[Start of Attachment]
lemma weighted_divergence_eq_pair:
  assumes "a \<in> {1..K}" and "\<And>b. b \<in> {1..K} \<Longrightarrow> b \<noteq> a \<Longrightarrow> l b = \<mu> b"
  shows "weighted_divergence \<sigma> K w \<mu> l
           = w 0 * gauss_kl \<sigma> (\<mu> 0) (l 0) + w a * gauss_kl \<sigma> (\<mu> a) (l a)"
  unfolding weighted_divergence_def
  by (rule sum_pair_eq) (use assms in \<open>auto simp: gauss_kl_def\<close>)

lemma mem_Alt_iff:
  "l \<in> Alt K \<mu> \<longleftrightarrow> in_L K l \<and> (\<exists>a\<in>{1..K}. (l 0 < l a) \<noteq> (\<mu> 0 < \<mu> a))"
proof -
  have "better_set K l = better_set K \<mu> \<longleftrightarrow> (\<forall>a\<in>{1..K}. (l 0 < l a) = (\<mu> 0 < \<mu> a))"
    unfolding better_set_def by blast
  then show ?thesis unfolding Alt_def by blast
qed

lemma argmax_set_eq_0_iff:
  "argmax_set K l = {0} \<longleftrightarrow> (\<forall>a\<in>{1..K}. l a < l 0)"
proof
  assume max: "argmax_set K l = {0}"
  show "\<forall>a\<in>{1..K}. l a < l 0"
  proof
    fix a assume a: "a \<in> {1..K}"
    have "0 \<in> argmax_set K l" using max by simp
    then have "l a \<le> l 0" using a unfolding argmax_set_def by simp
    moreover have "a \<notin> argmax_set K l" using max a by auto
    ultimately show "l a < l 0"
      using \<open>0 \<in> argmax_set K l\<close> a unfolding argmax_set_def by (auto simp: le_less)
  qed
next
  assume below: "\<forall>a\<in>{1..K}. l a < l 0"
  have "l b \<le> l 0" if "b \<in> {0..K}" for b
    using below that by (cases "b = 0") (auto intro: less_imp_le)
  then have "0 \<in> argmax_set K l" unfolding argmax_set_def by simp
  moreover have "b \<notin> argmax_set K l" if "b \<noteq> 0" for b
    using below that unfolding argmax_set_def by (auto simp: not_le intro!: bexI[of _ 0])
  ultimately show "argmax_set K l = {0}" by blast
qed

lemma argmax_set_mirror:
  assumes "in_L K \<mu>"
  shows "argmax_set K (mirror \<mu>) = {0}"
  unfolding argmax_set_eq_0_iff
proof
  fix a assume "a \<in> {1..K}"
  then have "\<mu> a \<noteq> \<mu> 0" using assms unfolding in_L_def by blast
  then show "mirror \<mu> a < mirror \<mu> 0" unfolding mirror_def by auto
qed

lemma mem_Alt_BAI_mirror_iff:
  assumes "in_L K \<mu>"
  shows "l \<in> Alt_BAI K (mirror \<mu>) \<longleftrightarrow> (\<exists>a\<in>{1..K}. l 0 \<le> l a)"
  unfolding Alt_BAI_def argmax_set_mirror[OF assms] argmax_set_eq_0_iff by (auto simp: not_less)

definition reflect_arm :: "(nat \<Rightarrow> real) \<Rightarrow> nat \<Rightarrow> real \<Rightarrow> real" where
  "reflect_arm \<mu> a x = (if \<mu> 0 < \<mu> a then 2 * \<mu> 0 - x else x)"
[End of Attachment]
## Action item
Show me each line of the listing above with "forall" in it.

## Response to this exercise
  have "better_set K l = better_set K \<mu> \<longleftrightarrow> (\<forall>a\<in>{1..K}. (l 0 < l a) = (\<mu> 0 < \<mu> a))"
  "argmax_set K l = {0} \<longleftrightarrow> (\<forall>a\<in>{1..K}. l a < l 0)"
  show "\<forall>a\<in>{1..K}. l a < l 0"
  assume below: "\<forall>a\<in>{1..K}. l a < l 0"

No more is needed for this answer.